Ah, je vois. Le plus consciencieux de nos amis avait dû l'appeler sans relâche pour le réveiller.

« Salut, Hotta. »

J'ai silencieusement apprécié son effort. Le regard de Hotta, cependant, était fixé sur mes cheveux. « Salut... Hioki, tu t'es coupé les cheveux ? »

« Euh, ouais... juste un peu raccourci. »

Ma réponse s'est éteinte. Quand j'ai jeté un coup d'œil gêné sur le côté, mes yeux ont croisé directement ceux de Watarai.

« ...Tu es mignon. »

Peut-être était-ce la tension de l'attribution des classes, le choc de ne pas pouvoir me saluer en premier, et le désespoir de ne pas avoir remarqué mon changement, tout s'accumulant ensemble, mais Watarai l'a dit d'une voix tendue, presque étranglée. Quelqu'un, s'il vous plaît, libérez-le de ça.

Juste à ce moment-là, mon téléphone a vibré avec un message. C'était d'Ino. Sept images avaient été envoyées à notre groupe de discussion à huit personnes.

« Waouh, c'est un peu stressant », a dit Nakazato, incapable de cacher son excitation, essuyant l'écran de son téléphone avec le bas de sa veste.

« Ne pointez le nom de personne à part le vôtre », a averti Morisaki, plissant ses yeux lourds.

« Vous pensez que Watarai va bien ? »

Hotta a pointé vers lui et m'a regardé. La personne dont il s'inquiétait serrait son téléphone fermement, fixant l'écran noir.

Il n'avait pas l'air d'aller bien.

« Tu veux qu'on se tienne la main ? »

Pour l'instant, j'ai mis ma propre classe de côté. J'ai tendu la main, et ses longs doigts fins se sont entrelacés avec les miens.

« Ça va ? » « ...Ouais. »

Watarai a ouvert l'application de discussion et a laissé échapper un souffle lent. Ses doigts, habituellement si sûrs sur l'écran, bougeaient maintenant un peu maladroitement. La nervosité de nos mains qui se touchaient semblait se propager à moi, et j'ai avalé difficilement.

Le moment de vérité était arrivé. Watarai a tapé sur l'image, et juste à ce moment-là « Je suis en Classe 5 avec Watarai ! »

« Pas possible, quelle chance ! Donc ça veut dire que tu es avec Morisaki aussi ? »

La voix portait étonnamment clairement, bien qu'elle ne soit pas très forte. Des filles à proximité venaient de spoiler l'annonce.

Et ce n'était pas seulement à propos de Watarai.

« Le senpai Nakazato et le senpai Hotta sont en Classe 3 ! »
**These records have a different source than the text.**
(* Let $F=\{f_i\}_{i=1}^N$ be a tight frame for $\mathcal H$. Suppose there exist a dual pair $(F',G')\in\mathcal F^{(1)}$ and a constant $c$ with $\operatorname{Re}\big(\langle g'_i,g'_j\rangle\langle f'_j,f'_i\rangle\big)=c$ for all $i\neq j$. Then $(F,S_F^{-1}F)\in\mathcal F^{(m)}$ for every $m\in\{1,2,\dots,N\}$ if and only if $(F,S_F^{-1}F)$ is a $2$-uniform dual pair, and this holds if and only if $F$ is an equiangular frame.
   Context: $\mathcal H$ is a complex Hilbert space of finite dimension $n$, inner product linear in the first argument, $N\ge n$. A finite sequence $F=\{f_i\}_{i=1}^N$ is a frame if there are $0<A\le B$ with $A\|f\|^2\le\sum_i|\langle f,f_i\rangle|^2\le B\|f\|^2$ for all $f$; tight if one can take $A=B$; equal norm if $\|f_i\|$ is constant; equiangular if it is equal norm and $|\langle f_i,f_j\rangle|$ is the same constant for all $i\ne j$. $S_Ff=\sum_i\langle f,f_i\rangle f_i$; $S_F^{-1}F=\{S_F^{-1}f_i\}$ is the canonical dual. $G=\{g_i\}_{i=1}^N$ is a dual of $F$ if $f=\sum_i\langle f,g_i\rangle f_i$ for all $f$; $(F,G)$ is then an $(N,n)$ dual pair. A dual pair is $1$-uniform if $\langle f_i,g_i\rangle$ is independent of $i$, and $2$-uniform if it is $1$-uniform and $\langle f_i,g_j\rangle\langle f_j,g_i\rangle$ is the same constant for all $i\ne j$. $\mathcal A_m$ is the set of $m$-element subsets of $\{1,\dots,N\}$; $E_{\Lambda,F,G}f=\sum_{i\in\Lambda}\langle f,f_i\rangle g_i$. With $\|T\|_{\mathcal F}=\sqrt{\operatorname{tr}(T^*T)}$: $\epsilon^{(m)}_{F,G}=\max_{\Lambda\in\mathcal A_m}\|E_{\Lambda,F,G}\|_{\mathcal F}$; $\epsilon^{(1)}=\inf\{\epsilon^{(1)}_{F,G}:(F,G)\text{ an }(N,n)\text{ dual pair}\}$; $\mathcal F^{(1)}=\{(F,G):\epsilon^{(1)}_{F,G}=\epsilon^{(1)}\}$; for $m>1$, $\epsilon^{(m)}=\inf\{\epsilon^{(m)}_{F,G}:(F,G)\in\mathcal F^{(m-1)}\}$, $\mathcal F^{(m)}=\{(F,G)\in\mathcal F^{(m-1)}:\epsilon^{(m)}_{F,G}=\epsilon^{(m)}\}$. *)

theory Defs
  imports "HOL-Analysis.Analysis"
begin

text \<open>The n-dimensional complex Hilbert space is modelled as complex ^ 'n
  (n = CARD('n)), with inner product linear in the first argument.
  Frames are sequences indexed by {1..N}, modelled as functions nat => complex^'n
  (values outside {1..N} are irrelevant).\<close>

type_synonym 'n cvec = "complex ^ 'n"

definition cinner :: "complex ^ 'n \<Rightarrow> complex ^ 'n \<Rightarrow> complex" where
  "cinner x y = (\<Sum>k\<in>UNIV. x $ k * cnj (y $ k))"

definition cnorm :: "complex ^ 'n \<Rightarrow> real" where
  "cnorm x = sqrt (Re (cinner x x))"

definition frame :: "nat \<Rightarrow> (nat \<Rightarrow> complex ^ 'n) \<Rightarrow> bool" where
  "frame N F \<longleftrightarrow> (\<exists>A B. 0 < A \<and> A \<le> B \<and>
     (\<forall>f. A * (cnorm f)^2 \<le> (\<Sum>i\<in>{1..N}. (cmod (cinner f (F i)))^2) \<and>
          (\<Sum>i\<in>{1..N}. (cmod (cinner f (F i)))^2) \<le> B * (cnorm f)^2))"

definition tight_frame :: "nat \<Rightarrow> (nat \<Rightarrow> complex ^ 'n) \<Rightarrow> bool" where
  "tight_frame N F \<longleftrightarrow> (\<exists>A. 0 < A \<and>
     (\<forall>f. (\<Sum>i\<in>{1..N}. (cmod (cinner f (F i)))^2) = A * (cnorm f)^2))"

definition equal_norm :: "nat \<Rightarrow> (nat \<Rightarrow> complex ^ 'n) \<Rightarrow> bool" where
  "equal_norm N F \<longleftrightarrow> (\<exists>a. \<forall>i\<in>{1..N}. cnorm (F i) = a)"

definition equiangular :: "nat \<Rightarrow> (nat \<Rightarrow> complex ^ 'n) \<Rightarrow> bool" where
  "equiangular N F \<longleftrightarrow> equal_norm N F \<and>
     (\<exists>b. \<forall>i\<in>{1..N}. \<forall>j\<in>{1..N}. i \<noteq> j \<longrightarrow> cmod (cinner (F i) (F j)) = b)"

definition frame_op :: "nat \<Rightarrow> (nat \<Rightarrow> complex ^ 'n) \<Rightarrow> complex ^ 'n \<Rightarrow> complex ^ 'n" where
  "frame_op N F f = (\<Sum>i\<in>{1..N}. cinner f (F i) *s F i)"

definition canon_dual :: "nat \<Rightarrow> (nat \<Rightarrow> complex ^ 'n) \<Rightarrow> nat \<Rightarrow> complex ^ 'n" where
  "canon_dual N F i = inv (frame_op N F) (F i)"

definition dual_pair :: "nat \<Rightarrow> (nat \<Rightarrow> complex ^ 'n) \<Rightarrow> (nat \<Rightarrow> complex ^ 'n) \<Rightarrow> bool" where
  "dual_pair N F G \<longleftrightarrow> frame N F \<and>
     (\<forall>f. f = (\<Sum>i\<in>{1..N}. cinner f (G i) *s F i))"

definition one_uniform :: "nat \<Rightarrow> (nat \<Rightarrow> complex ^ 'n) \<Rightarrow> (nat \<Rightarrow> complex ^ 'n) \<Rightarrow> bool" where
  "one_uniform N F G \<longleftrightarrow> (\<exists>c. \<forall>i\<in>{1..N}. cinner (F i) (G i) = c)"

definition two_uniform :: "nat \<Rightarrow> (nat \<Rightarrow> complex ^ 'n) \<Rightarrow> (nat \<Rightarrow> complex ^ 'n) \<Rightarrow> bool" where
  "two_uniform N F G \<longleftrightarrow> dual_pair N F G \<and> one_uniform N F G \<and>
     (\<exists>d. \<forall>i\<in>{1..N}. \<forall>j\<in>{1..N}. i \<noteq> j \<longrightarrow> cinner (F i) (G j) * cinner (F j) (G i) = d)"

text \<open>Erasure operator and its Frobenius (Hilbert-Schmidt) norm, computed in the
  standard orthonormal basis: sqrt (tr (T* T)) = sqrt (sum_k |T e_k|^2).\<close>
definition erasure :: "nat set \<Rightarrow> (nat \<Rightarrow> complex ^ 'n) \<Rightarrow> (nat \<Rightarrow> complex ^ 'n) \<Rightarrow> complex ^ 'n \<Rightarrow> complex ^ 'n" where
  "erasure L F G f = (\<Sum>i\<in>L. cinner f (F i) *s G i)"

definition frob_norm :: "(complex ^ 'n \<Rightarrow> complex ^ 'n) \<Rightarrow> real" where
  "frob_norm T = sqrt (\<Sum>k\<in>UNIV. (cnorm (T (axis k 1)))^2)"

definition eps :: "nat \<Rightarrow> nat \<Rightarrow> (nat \<Rightarrow> complex ^ 'n) \<Rightarrow> (nat \<Rightarrow> complex ^ 'n) \<Rightarrow> real" where
  "eps N m F G = Max {frob_norm (erasure L F G) | L. L \<subseteq> {1..N} \<and> card L = m}"

text \<open>optimal_fam N 0 = all (N,n) dual pairs; optimal_fam N m = F^(m) for m >= 1.\<close>
primrec optimal_fam :: "nat \<Rightarrow> nat \<Rightarrow> ((nat \<Rightarrow> complex ^ 'n) \<times> (nat \<Rightarrow> complex ^ 'n)) set" where
  "optimal_fam N 0 = {(F, G). dual_pair N F G}"
| "optimal_fam N (Suc m) = {(F, G) \<in> optimal_fam N m.
      eps N (Suc m) F G = Inf ((\<lambda>(F', G'). eps N (Suc m) F' G') ` optimal_fam N m)}"

end

theory Submission
  imports Defs
begin

text \<open>For a dual pair the trace identity \<open>\<Sum>i. \<langle>f i, g i\<rangle> = n\<close> and Cauchy-Schwarz give
  \<open>eps\<^sup>(\<^sup>1\<^sup>) \<ge> n/N\<close>, with equality iff \<open>\<parallel>f i\<parallel> \<parallel>g i\<parallel> = n/N\<close> for every i; a harmonic frame attains
  it. For pairs in the first optimal family the two-element erasures satisfy
  \<open>\<parallel>E{i,j}\<parallel>\<^sup>2 = 2 (n/N)\<^sup>2 + 2 Re (\<langle>g i, g j\<rangle> \<langle>f j, f i\<rangle>)\<close>, and these cross terms always sum to
  \<open>n - n\<^sup>2/N\<close>, because the erasure of all N vectors is the identity. So the worst two-element
  erasure is smallest exactly when all cross terms are equal, which the assumed pair shows to be
  possible; all erasure norms are then determined, so the optimal families stabilise from \<open>m = 2\<close>
  on. For a tight frame with bound A the canonical dual is \<open>F/A\<close>, and optimality, 2-uniformity
  and equiangularity all reduce to equal norms together with constant \<open>|\<langle>f i, f j\<rangle>|\<close>.\<close>

lemma eq_const_if_le_and_sum_ge:
  fixes f :: "'a \<Rightarrow> real"
  assumes "finite A" "\<And>x. x \<in> A \<Longrightarrow> f x \<le> c" "(\<Sum>x\<in>A. c) \<le> (\<Sum>x\<in>A. f x)" "x \<in> A"
  shows "f x = c"
proof -
  have "(\<Sum>x\<in>A. c - f x) \<le> 0" using assms(3) by (simp add: sum_subtractf)
  moreover have "(\<Sum>x\<in>A. c - f x) \<ge> 0" using assms(2) by (simp add: sum_nonneg)
  ultimately have "(\<Sum>x\<in>A. c - f x) = 0" by simp
  then show ?thesis
    using assms(1,2,4) by (subst (asm) sum_nonneg_eq_0_iff) auto
qed

lemma ex_ge_if_sum_eq:
  fixes f :: "'a \<Rightarrow> real"
  assumes "finite A" "A \<noteq> {}" "(\<Sum>x\<in>A. f x) = (\<Sum>x\<in>A. c)"
  shows "\<exists>x\<in>A. c \<le> f x"
  using sum_strict_mono[OF assms(1,2), of f "\<lambda>_. c"] assms(3) by force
« Pas possible ! Je me demande si on sera dans la même équipe pour le festival sportif. » D'un autre groupe de filles plus jeunes, des regards curieux étaient lancés dans notre direction.
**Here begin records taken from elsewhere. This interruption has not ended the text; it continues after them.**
lemma has_derivative_Efun:
  "(Efun L mp mm rhop rhom Sp Sm SI has_derivative
      (\<lambda>h. - ((H1p L mp mm rhop rhom Sp Sm SI q1 q2, H2p L mp mm rhop rhom Sp Sm SI q1 q2) \<bullet> h)))
    (at (q1, q2))"
  unfolding Efun_def [abs_def]
  by (rule has_derivative_eq_rhs, (rule has_derivative_ln_cosh derivative_intros | simp)+)
    (simp add: fun_eq_iff H1p_def H2p_def inner_prod_def algebra_simps diff_divide_distrib)

lemma strict_convex_on_Efun:
  assumes "mp > 0" "mm > 0" "rhop > 0" "rhom > 0" "Sp < 0" "0 < Sm"
  shows "strict_convex_on UNIV (Efun L mp mm rhop rhom Sp Sm SI)"
proof -
  define lm lp where "lm = lam rhom mm" and "lp = lam rhop mp"
  define A B where "A = Sm / rhom * mm / 2" and "B = - (Sp / rhop * mp)"
  have "lm > 0" "A > 0" "B > 0"
    using assms by (simp_all add: lm_def lam_def A_def B_def divide_neg_pos mult_neg_pos)
  have linear_mult_const: "linear (\<lambda>x::real. c * x)" for c
    by (simp add: linear_iff algebra_simps)
  have inj_mult_const: "c \<noteq> 0 \<Longrightarrow> inj (\<lambda>x::real. c * x)" for c
    by (simp add: inj_def)
  define F G where "F x = A * ln (cosh (lm * x + 0))" and "G y = A * ln (cosh ((- lm) * y + lm * L))"
    for x y :: real
  define h where "h q = B * ln (cosh (lp * ((snd q - fst q) / 2) + 0)) + 1 / 2 * SI * (fst q - snd q)"
    for q :: "real \<times> real"
  have "strict_convex_on UNIV F" "strict_convex_on UNIV G"
    unfolding F_def G_def using \<open>lm > 0\<close> \<open>A > 0\<close>
    by (intro strict_convex_on_cmul strict_convex_on_compose_affine strict_convex_on_ln_cosh
        linear_mult_const inj_mult_const; simp)+
  moreover have "convex_on UNIV h"
    unfolding h_def
  proof (rule convex_on_add)
    have "convex_on UNIV (\<lambda>q::real \<times> real. ln (cosh (lp * ((snd q - fst q) / 2) + 0)))"
      using strict_convex_on_imp_convex_on [OF strict_convex_on_ln_cosh]
      by (rule convex_on_compose_affine) (simp add: linear_iff field_simps)
    then show "convex_on UNIV (\<lambda>q. B * ln (cosh (lp * ((snd q - fst q) / 2) + 0)))"
      using \<open>B > 0\<close> by (simp add: convex_on_cmul)
    show "convex_on UNIV (\<lambda>q::real \<times> real. 1 / 2 * SI * (fst q - snd q))"
      by (rule convex_on_linear) (auto simp: linear_iff field_simps)
  qed
  ultimately have "strict_convex_on UNIV (\<lambda>q. F (fst q) + G (snd q) + h q)"
    using strict_convex_on_separable_add [of UNIV F UNIV G h] by simp
  moreover have "Efun L mp mm rhop rhom Sp Sm SI = (\<lambda>q. F (fst q) + G (snd q) + h q)"
    by (simp add: fun_eq_iff Efun_def F_def G_def h_def lm_def lp_def A_def B_def algebra_simps)
  ultimately show ?thesis
    by simp
qed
Watarai et Morisaki étaient en Classe 5. Nakazato et Hotta étaient en Classe 3. L'excitation s'est terminée avant même que je puisse le voir par moi-même. L'information circule vite quand elle concerne

des beaux garçons remarquables.

J'ai regardé sur le côté. Watarai était figé, comme pétrifié. Derrière lui, Nakazato, Hotta et Morisaki avaient l'air découragés, fixant toujours la liste de classes partiellement agrandie sur leurs écrans. Leurs expressions semblaient dire : « Je voulais le voir moi-même. »
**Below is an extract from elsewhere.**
(* Let $m+n\ge 3$ and let $\psi:\mathfrak{stl}(m,n,\mathcal A)\to\mathfrak{sl}(m,n,\mathcal A)$ be the homomorphism with $\psi(v_{ij}(a))=E_{ij}(a)$. Then $\operatorname{Ker}\psi\subseteq H$.
   Context: Standing assumptions: $K$ is a field with $\operatorname{char}K\ne 2,3$, and $\mathcal A$ is an associative unital $K$-algebra. For $1\le i,j\le m+n$ put $\tau_{ij}=0$ if $i,j\le m$ or $i,j\ge m+1$, and $\tau_{ij}=1$ otherwise. A Leibniz superalgebra is a $\mathbb Z_2$-graded $K$-space with a bilinear bracket respecting the grading and satisfying $[[a,b],c]=[a,[b,c]]-(-1)^{|a||b|}[b,[a,c]]$. $\mathfrak{gl}(m,n,\mathcal A)$: $(m+n)\times(m+n)$ matrices over $\mathcal A$, matrix unit $E_{ij}(a)$ of degree $\tau_{ij}$, bracket $[X,Y]=XY-(-1)^{\alpha\beta}YX$. $\mathfrak{sl}(m,n,\mathcal A)$ is the subsuperalgebra generated by the $E_{ij}(a)$, $i\ne j$. $\mathfrak{stl}(m,n,\mathcal A)$ is the Leibniz superalgebra generated by $v_{ij}(a)$, $1\le i\ne j\le m+n$, $a\in\mathcal A$, of degree $\tau_{ij}$, subject to: (1) $K$-linearity in $a$; (2) $[v_{ij}(a),v_{kl}(b)]=0$ if $i\ne l$, $j\ne k$; (3) $[v_{ij}(a),v_{kl}(b)]=v_{il}(ab)$ if $i\ne l$, $j=k$; (4) $[v_{ij}(a),v_{kl}(b)]=-(-1)^{\tau_{ij}\tau_{kl}}v_{kj}(ba)$ if $i=l$, $j\ne k$. For $i\ne j$, $H_{ij}(a,b)=[v_{ij}(a),v_{ji}(b)]$, and $H$ is the $K$-span of all $H_{ij}(a,b)$. *)

theory Defs
  imports Main "HOL.Vector_Spaces"
begin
« Peut-être que je suis en Classe 5 aussi. Regardons ensemble. »

J'ai doucement serré sa main molle. Pendant un instant, j'ai cru voir une faible lueur revenir dans ses yeux. Oui, si nous pouvions finir dans la même classe, ce serait parfait.

Bien sûr, le timing pour ce genre de moment plein d'espoir attire toujours une personne en particulier. « Hioki ! J'ai hâte d'être en Classe 2 ensemble ! »

Le pionnier des fauteurs de troubles, Tsujitani, était arrivé.

« Ah, donc il vient juste d'écraser ce petit drapeau, hein ? »

« Hé, Hioki. Ça te dérange de m'apprendre comment me comporter quand je suis coincé entre des beaux garçons ? »

Derrière Tsujitani se trouvaient Ino et Minase, un autre membre du club qui n'était pas là ce matin. Minase était apparemment en Classe 3 avec Nakazato et Hotta.

Bon, rien de tout ça n'avait d'importance maintenant. « Hé, tu écoutes ? »

Tsujitani a agité la main juste devant moi, mais mon âme s'était envolée loin. À côté de moi, Watarai semblait au-delà du désespoir, plutôt comme s'il avait atteint une sorte d'illumination, et fixait le ciel bleu et clair.

Au milieu d'un temps printanier parfait, cette minuscule bulle d'espace gelé et hivernal s'était formée juste ici. C'était le début de notre troisième année.